(* In the setting described in the context, define $\mathbf E\in\mathbb{R}^{n\times n}$ by $[\mathbf E]_{ij}=\frac1{2n_{s(i)}}\big([\boldsymbol\beta^{r(i)}_1(x_i)]_j-[\boldsymbol\beta^{r(i)}_0(x_i)]_j\big)$ for $j\ne i$ and $[\mathbf E]_{ii}=0$, and define $\mathbf C\in\mathbb{R}^{n\times n}$ by $[\mathbf C]_{ii}=\frac1{2n_{s(i)}}\big(\frac{a_i}{w_i}-\frac{1-a_i}{1-w_i}\big)$ and, for $j\ne i$, $[\mathbf C]_{ij}=\frac1{2n_{s(i)}}\big[(1-\frac{a_i}{w_i})[\boldsymbol\beta^{r(i)}_1(x_i)]_j+(\frac{1-a_i}{1-w_i}-1)[\boldsymbol\beta^{r(i)}_0(x_i)]_j\big]$. Then the cross-fitted plug-in estimator satisfies $\psi_n=\sum_{i,j\in[n]}[\mathbf E]_{ij}\Lambda_{x_i,y_j}$ and the cross-fitted one-step estimator satisfies $\bar\psi_n=\sum_{i,j\in[n]}[\mathbf C]_{ij}\Lambda_{x_i,y_j}$.
   Context: $k,\ell$ kernels on $\mathcal{X},\mathcal{Y}$ with feature maps $K_x,L_y$; $\mathcal{H}$ the tensor-product RKHS with feature map $\Lambda_{x,y}=K_x\otimes L_y$. Data $z_i=(x_i,a_i,y_i)\in\mathcal{X}\times\{0,1\}\times\mathcal{Y}$, $i\in[n]$; $[n]$ is partitioned into folds $\mathcal{I}^1,\mathcal{I}^2$ of sizes $n_1,n_2$; $s(i)$ is the fold containing $i$ and $r(i)=3-s(i)$. For $r\in\{1,2\}$: propensity estimates $\pi^r_n:\mathcal{X}\to(0,1)$ and outcome models $\theta^r_{n,a}(x)=\sum_j[\boldsymbol\beta^r_a(x)]_j\Lambda_{x,y_j}$, $a\in\{0,1\}$, with $\boldsymbol\beta^r_a(x)\in\mathbb{R}^n$ and $[\boldsymbol\beta^r_a(x)]_j=0$ whenever $j\notin\mathcal{I}^r$ or $a_j\ne a$. $w_i=\pi_n^{r(i)}(x_i)$. With $s=3-r$ and $P_n^s$ the empirical distribution of $\{z_i:i\in\mathcal{I}^s\}$: the fold plug-in is $\psi^r_n=\mathbb{E}_{P_n^s}[\theta^r_{n,1}(X)-\theta^r_{n,0}(X)]$, the cross-fitted plug-in is $\psi_n=\frac12\sum_{r=1}^2\psi^r_n$; $\phi^r_n(x,a,y)=(\frac{a}{\pi^r_n(x)}-\frac{1-a}{1-\pi^r_n(x)})(\Lambda_{x,y}-\theta^r_{n,a}(x))+\theta^r_{n,1}(x)-\theta^r_{n,0}(x)-\psi^r_n$, and the cross-fitted one-step estimator is $\bar\psi_n=\frac12\sum_{r=1}^2(\psi^r_n+\mathbb{E}_{P_n^s}[\phi^r_n(Z)])$. *)

theory Defs
  imports "HOL-Analysis.Analysis"
begin

text \<open>Indices are 0..<n. The fold label of observation i is s i \<in> {1,2};
  fold k is {i. i < n \<and> s i = k}; the other fold of i is r(i) = 3 - s i.
  Treatment indicators are booleans (True = 1). The outcome-model weights are
  beta r a x j = [beta^r_a(x)]_j. The RKHS H is abstracted to an arbitrary real
  vector space, and Lambda x y is the feature map Lambda_{x,y}.\<close>

definition fold :: "(nat \<Rightarrow> nat) \<Rightarrow> nat \<Rightarrow> nat \<Rightarrow> nat set" where
  "fold s n k = {i. i < n \<and> s i = k}"

definition fsize :: "(nat \<Rightarrow> nat) \<Rightarrow> nat \<Rightarrow> nat \<Rightarrow> nat" where
  "fsize s n k = card (fold s n k)"

definition theta ::
  "('x \<Rightarrow> 'y \<Rightarrow> 'h::real_vector) \<Rightarrow> (nat \<Rightarrow> 'y) \<Rightarrow> nat
   \<Rightarrow> (nat \<Rightarrow> bool \<Rightarrow> 'x \<Rightarrow> nat \<Rightarrow> real) \<Rightarrow> nat \<Rightarrow> bool \<Rightarrow> 'x \<Rightarrow> 'h" where
  "theta Lam y n beta r a x = (\<Sum>j<n. beta r a x j *\<^sub>R Lam x (y j))"

definition psi_fold ::
  "('x \<Rightarrow> 'y \<Rightarrow> 'h::real_vector) \<Rightarrow> (nat \<Rightarrow> 'x) \<Rightarrow> (nat \<Rightarrow> 'y) \<Rightarrow> (nat \<Rightarrow> nat) \<Rightarrow> nat
   \<Rightarrow> (nat \<Rightarrow> bool \<Rightarrow> 'x \<Rightarrow> nat \<Rightarrow> real) \<Rightarrow> nat \<Rightarrow> 'h" where
  "psi_fold Lam x y s n beta r =
     (1 / real (fsize s n (3 - r))) *\<^sub>R
       (\<Sum>i\<in>fold s n (3 - r).
          theta Lam y n beta r True (x i) - theta Lam y n beta r False (x i))"

definition psi_cf ::
  "('x \<Rightarrow> 'y \<Rightarrow> 'h::real_vector) \<Rightarrow> (nat \<Rightarrow> 'x) \<Rightarrow> (nat \<Rightarrow> 'y) \<Rightarrow> (nat \<Rightarrow> nat) \<Rightarrow> nat
   \<Rightarrow> (nat \<Rightarrow> bool \<Rightarrow> 'x \<Rightarrow> nat \<Rightarrow> real) \<Rightarrow> 'h" where
  "psi_cf Lam x y s n beta = (1/2) *\<^sub>R (\<Sum>r\<in>{1,2}. psi_fold Lam x y s n beta r)"

definition phi ::
  "('x \<Rightarrow> 'y \<Rightarrow> 'h::real_vector) \<Rightarrow> (nat \<Rightarrow> 'x) \<Rightarrow> (nat \<Rightarrow> 'y) \<Rightarrow> (nat \<Rightarrow> nat) \<Rightarrow> nat
   \<Rightarrow> (nat \<Rightarrow> bool \<Rightarrow> 'x \<Rightarrow> nat \<Rightarrow> real) \<Rightarrow> (nat \<Rightarrow> 'x \<Rightarrow> real)
   \<Rightarrow> nat \<Rightarrow> 'x \<Rightarrow> bool \<Rightarrow> 'y \<Rightarrow> 'h" where
  "phi Lam x y s n beta pr r xi alpha eta =
     (of_bool alpha / pr r xi - (1 - of_bool alpha) / (1 - pr r xi)) *\<^sub>R
        (Lam xi eta - theta Lam y n beta r alpha xi)
     + theta Lam y n beta r True xi - theta Lam y n beta r False xi
     - psi_fold Lam x y s n beta r"

definition onestep_cf ::
  "('x \<Rightarrow> 'y \<Rightarrow> 'h::real_vector) \<Rightarrow> (nat \<Rightarrow> 'x) \<Rightarrow> (nat \<Rightarrow> bool) \<Rightarrow> (nat \<Rightarrow> 'y)
   \<Rightarrow> (nat \<Rightarrow> nat) \<Rightarrow> nat \<Rightarrow> (nat \<Rightarrow> bool \<Rightarrow> 'x \<Rightarrow> nat \<Rightarrow> real) \<Rightarrow> (nat \<Rightarrow> 'x \<Rightarrow> real) \<Rightarrow> 'h" where
  "onestep_cf Lam x a y s n beta pr = (1/2) *\<^sub>R
     (\<Sum>r\<in>{1,2}. psi_fold Lam x y s n beta r
        + (1 / real (fsize s n (3 - r))) *\<^sub>R
            (\<Sum>i\<in>fold s n (3 - r). phi Lam x y s n beta pr r (x i) (a i) (y i)))"

definition Emat ::
  "(nat \<Rightarrow> 'x) \<Rightarrow> (nat \<Rightarrow> nat) \<Rightarrow> nat \<Rightarrow> (nat \<Rightarrow> bool \<Rightarrow> 'x \<Rightarrow> nat \<Rightarrow> real)
   \<Rightarrow> nat \<Rightarrow> nat \<Rightarrow> real" where
  "Emat x s n beta i j =
     (if j = i then 0
      else 1 / (2 * real (fsize s n (s i))) *
        (beta (3 - s i) True (x i) j - beta (3 - s i) False (x i) j))"

definition Cmat ::
  "(nat \<Rightarrow> 'x) \<Rightarrow> (nat \<Rightarrow> bool) \<Rightarrow> (nat \<Rightarrow> nat) \<Rightarrow> nat \<Rightarrow> (nat \<Rightarrow> bool \<Rightarrow> 'x \<Rightarrow> nat \<Rightarrow> real)
   \<Rightarrow> (nat \<Rightarrow> 'x \<Rightarrow> real) \<Rightarrow> nat \<Rightarrow> nat \<Rightarrow> real" where
  "Cmat x a s n beta pr i j =
     (let w = pr (3 - s i) (x i); ai = of_bool (a i) :: real in
      if j = i then 1 / (2 * real (fsize s n (s i))) * (ai / w - (1 - ai) / (1 - w))
      else 1 / (2 * real (fsize s n (s i))) *
        ((1 - ai / w) * beta (3 - s i) True (x i) j
         + ((1 - ai) / (1 - w) - 1) * beta (3 - s i) False (x i) j))"

end

theory Submission
  imports Defs
begin

text \<open>Since \<open>\<beta>\<^sup>r\<close> is supported on fold \<open>r\<close> while observation \<open>i\<close> lies in
  the other fold \<open>s(i) = 3 - r(i)\<close>, the diagonal weights \<open>[\<beta>\<^sup>r\<^sup>(\<^sup>i\<^sup>)\<^sub>a(x\<^sub>i)]\<^sub>i\<close> vanish.
  Hence row \<open>i\<close> of \<open>E\<close>, paired with the features \<open>\<Lambda>(x\<^sub>i, y\<^sub>j)\<close>, is
  \<open>(\<theta>\<^sub>1 - \<theta>\<^sub>0)(x\<^sub>i) / 2n\<^sub>s\<^sub>(\<^sub>i\<^sub>)\<close>, and row \<open>i\<close> of \<open>C\<close> is \<open>(\<phi>(z\<^sub>i) + \<psi>) / 2n\<^sub>s\<^sub>(\<^sub>i\<^sub>)\<close> for the
  models of fold \<open>r(i)\<close>, the diagonal entry of \<open>C\<close> carrying the \<open>\<Lambda>(x\<^sub>i, y\<^sub>i)\<close> term
  of \<open>\<phi>\<close>. Summing the rows of one fold gives the fold averages.\<close>

lemma sum_lessThan_folds:
  assumes "\<forall>i<n. s i \<in> {1, 2}"
  shows "(\<Sum>i<n. f i) = (\<Sum>i\<in>fold s n 1. f i) + (\<Sum>i\<in>fold s n 2. (f i :: 'a::comm_monoid_add))"
proof -
  have "{..<n} = fold s n 1 \<union> fold s n 2" using assms by (auto simp: fold_def)
  moreover have "fold s n 1 \<inter> fold s n 2 = {}" by (auto simp: fold_def)
  moreover have "finite (fold s n k)" for k by (simp add: fold_def)
  ultimately show ?thesis by (simp add: sum.union_disjoint)
qed

lemma scaleR_average_add:
  assumes "finite A" "A \<noteq> {}"
  shows "v + (1 / real (card A)) *\<^sub>R (\<Sum>i\<in>A. f i)
     = (1 / real (card A)) *\<^sub>R (\<Sum>i\<in>A. f i + (v :: 'a::real_vector))"
  using assms by (simp add: sum.distrib scaleR_add_right sum_constant_scaleR)

lemma phi_add_psi_fold:
  "phi Lam x y s n beta pr r \<xi> \<alpha> \<eta> + psi_fold Lam x y s n beta r
   = (of_bool \<alpha> / pr r \<xi> - (1 - of_bool \<alpha>) / (1 - pr r \<xi>)) *\<^sub>R Lam \<xi> \<eta>
     + (1 - of_bool \<alpha> / pr r \<xi>) *\<^sub>R theta Lam y n beta r True \<xi>
     + ((1 - of_bool \<alpha>) / (1 - pr r \<xi>) - 1) *\<^sub>R theta Lam y n beta r False \<xi>"
  by (cases \<alpha>) (simp_all add: phi_def algebra_simps)

lemma Emat_row:
  assumes "\<And>b. beta (3 - s i) b (x i) i = 0"
  shows "(\<Sum>j<n. Emat x s n beta i j *\<^sub>R Lam (x i) (y j))
    = (1 / (2 * real (fsize s n (s i)))) *\<^sub>R
        (theta Lam y n beta (3 - s i) True (x i) - theta Lam y n beta (3 - s i) False (x i))"
proof -
  define c where "c = 1 / (2 * real (fsize s n (s i)))"
  have "Emat x s n beta i j = c * (beta (3 - s i) True (x i) j - beta (3 - s i) False (x i) j)" for j
    using assms by (simp add: Emat_def c_def)
  then have "(\<Sum>j<n. Emat x s n beta i j *\<^sub>R Lam (x i) (y j))
      = (\<Sum>j<n. (c * (beta (3 - s i) True (x i) j - beta (3 - s i) False (x i) j)) *\<^sub>R Lam (x i) (y j))"
    by simp
  then show ?thesis
    by (simp add: c_def theta_def scaleR_sum_right sum_subtractf[symmetric] scaleR_diff_left
        scaleR_diff_right diff_divide_distrib)
qed

lemma Cmat_row:
  assumes "\<And>b. beta (3 - s i) b (x i) i = 0" and "i < n"
  shows "(\<Sum>j<n. Cmat x a s n beta pr i j *\<^sub>R Lam (x i) (y j))
    = (1 / (2 * real (fsize s n (s i)))) *\<^sub>R
        (phi Lam x y s n beta pr (3 - s i) (x i) (a i) (y i) + psi_fold Lam x y s n beta (3 - s i))"
proof -
  define r where "r = 3 - s i"
  define c where "c = 1 / (2 * real (fsize s n (s i)))"
  define w where "w = pr r (x i)"
  define ai where "ai = (of_bool (a i) :: real)"
  have C: "Cmat x a s n beta pr i j = c * (if j = i then ai / w - (1 - ai) / (1 - w) else 0)
     + c * (1 - ai / w) * beta r True (x i) j + c * ((1 - ai) / (1 - w) - 1) * beta r False (x i) j" for j
    using assms(1) by (auto simp: Cmat_def Let_def r_def c_def w_def ai_def algebra_simps)
  have diagonal: "(\<Sum>j<n. (c * (if j = i then ai / w - (1 - ai) / (1 - w) else 0)) *\<^sub>R Lam (x i) (y j))
      = (c * (ai / w - (1 - ai) / (1 - w))) *\<^sub>R Lam (x i) (y i)"
    using assms(2) by (simp add: if_distrib if_distribR cong: if_cong)
  show ?thesis
    unfolding C phi_add_psi_fold
    by (simp add: scaleR_add_left sum.distrib diagonal flip: r_def c_def w_def ai_def)
       (simp add: theta_def scaleR_sum_right scaleR_add_right mult.assoc)
qed

lemma fold_sum_Emat_rows:
  assumes "r \<in> {1, 2}" and "\<And>i b. i \<in> fold s n (3 - r) \<Longrightarrow> beta r b (x i) i = 0"
  shows "(\<Sum>i\<in>fold s n (3 - r). \<Sum>j<n. Emat x s n beta i j *\<^sub>R Lam (x i) (y j))
      = (1/2) *\<^sub>R psi_fold Lam x y s n beta r"
proof -
  have "(\<Sum>i\<in>fold s n (3 - r). \<Sum>j<n. Emat x s n beta i j *\<^sub>R Lam (x i) (y j))
      = (\<Sum>i\<in>fold s n (3 - r). (1 / (2 * real (fsize s n (3 - r)))) *\<^sub>R
          (theta Lam y n beta r True (x i) - theta Lam y n beta r False (x i)))"
  proof (rule sum.cong)
    fix i assume i: "i \<in> fold s n (3 - r)"
    then have "3 - s i = r" using assms(1) by (auto simp: fold_def)
    with Emat_row[of beta s i x n Lam y] assms(2)[OF i] i
    show "(\<Sum>j<n. Emat x s n beta i j *\<^sub>R Lam (x i) (y j)) = (1 / (2 * real (fsize s n (3 - r)))) *\<^sub>R
          (theta Lam y n beta r True (x i) - theta Lam y n beta r False (x i))"
      by (simp add: fold_def)
  qed simp
  then show ?thesis
    using assms(1) by (auto simp: psi_fold_def scaleR_sum_right[symmetric])
qed

lemma fold_sum_Cmat_rows:
  assumes "r \<in> {1, 2}" and "\<And>i b. i \<in> fold s n (3 - r) \<Longrightarrow> beta r b (x i) i = 0"
    and "fsize s n (3 - r) > 0"
  shows "(\<Sum>i\<in>fold s n (3 - r). \<Sum>j<n. Cmat x a s n beta pr i j *\<^sub>R Lam (x i) (y j))
      = (1/2) *\<^sub>R (psi_fold Lam x y s n beta r + (1 / real (fsize s n (3 - r))) *\<^sub>R
            (\<Sum>i\<in>fold s n (3 - r). phi Lam x y s n beta pr r (x i) (a i) (y i)))"
proof -
  let ?I = "fold s n (3 - r)"
  have "(\<Sum>i\<in>?I. \<Sum>j<n. Cmat x a s n beta pr i j *\<^sub>R Lam (x i) (y j))
      = (\<Sum>i\<in>?I. (1 / (2 * real (fsize s n (3 - r)))) *\<^sub>R
          (phi Lam x y s n beta pr r (x i) (a i) (y i) + psi_fold Lam x y s n beta r))"
  proof (rule sum.cong)
    fix i assume i: "i \<in> ?I"
    then have "3 - s i = r" using assms(1) by (auto simp: fold_def)
    with Cmat_row[of beta s i x n a pr Lam y] assms(2)[OF i] i
    show "(\<Sum>j<n. Cmat x a s n beta pr i j *\<^sub>R Lam (x i) (y j))
        = (1 / (2 * real (fsize s n (3 - r)))) *\<^sub>R
          (phi Lam x y s n beta pr r (x i) (a i) (y i) + psi_fold Lam x y s n beta r)"
      by (simp add: fold_def)
  qed simp
  also have "\<dots> = (1/2) *\<^sub>R ((1 / real (card ?I)) *\<^sub>R
      (\<Sum>i\<in>?I. phi Lam x y s n beta pr r (x i) (a i) (y i) + psi_fold Lam x y s n beta r))"
    by (simp add: fsize_def scaleR_sum_right[symmetric])
  also have "\<dots> = (1/2) *\<^sub>R (psi_fold Lam x y s n beta r + (1 / real (fsize s n (3 - r))) *\<^sub>R
            (\<Sum>i\<in>?I. phi Lam x y s n beta pr r (x i) (a i) (y i)))"
    using assms(3)
      scaleR_average_add[of ?I "psi_fold Lam x y s n beta r" "\<lambda>i. phi Lam x y s n beta pr r (x i) (a i) (y i)"]
    by (simp add: fsize_def card_gt_0_iff)
  finally show ?thesis .
qed

theorem lemmaH1:
  fixes Lam :: "'x \<Rightarrow> 'y \<Rightarrow> 'h::real_vector"
    and x :: "nat \<Rightarrow> 'x" and a :: "nat \<Rightarrow> bool" and y :: "nat \<Rightarrow> 'y"
    and s :: "nat \<Rightarrow> nat" and n :: nat
    and pr :: "nat \<Rightarrow> 'x \<Rightarrow> real"
    and beta :: "nat \<Rightarrow> bool \<Rightarrow> 'x \<Rightarrow> nat \<Rightarrow> real"
  assumes folds: "\<forall>i<n. s i \<in> {1, 2}"
    and nonempty1: "fsize s n 1 > 0" and nonempty2: "fsize s n 2 > 0"
    and pi_range: "\<forall>r\<in>{1, 2}. \<forall>\<xi>. 0 < pr r \<xi> \<and> pr r \<xi> < 1"
    and beta_support: "\<forall>r\<in>{1, 2}. \<forall>\<alpha> \<xi> j.
        (j \<notin> fold s n r \<or> a j \<noteq> \<alpha>) \<longrightarrow> beta r \<alpha> \<xi> j = 0"
  shows "psi_cf Lam x y s n beta = (\<Sum>i<n. \<Sum>j<n. Emat x s n beta i j *\<^sub>R Lam (x i) (y j))
     \<and> onestep_cf Lam x a y s n beta pr
         = (\<Sum>i<n. \<Sum>j<n. Cmat x a s n beta pr i j *\<^sub>R Lam (x i) (y j))"
proof -
  have diagonal_zero: "beta r b (x i) i = 0" if "r \<in> {1, 2}" "i \<in> fold s n (3 - r)" for r i b
    using beta_support that by (auto simp: fold_def)
  note E = fold_sum_Emat_rows[of _ s n beta x Lam y, OF _ diagonal_zero]
  note C = fold_sum_Cmat_rows[of _ s n beta x a pr Lam y, OF _ diagonal_zero]
  show ?thesis
    using E[of 1] E[of 2] C[of 1] C[of 2] nonempty1 nonempty2
    by (simp add: sum_lessThan_folds[OF folds] psi_cf_def onestep_cf_def algebra_simps)
qed

end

==*==

Return each line from the records that includes the word "auto".

## Finished exercise
  have "{..<n} = fold s n 1 \<union> fold s n 2" using assms by (auto simp: fold_def)
  moreover have "fold s n 1 \<inter> fold s n 2 = {}" by (auto simp: fold_def)
    using assms(1) by (auto simp: Cmat_def Let_def r_def c_def w_def ai_def algebra_simps)
    then have "3 - s i = r" using assms(1) by (auto simp: fold_def)
    using assms(1) by (auto simp: psi_fold_def scaleR_sum_right[symmetric])
    then have "3 - s i = r" using assms(1) by (auto simp: fold_def)
    using beta_support that by (auto simp: fold_def)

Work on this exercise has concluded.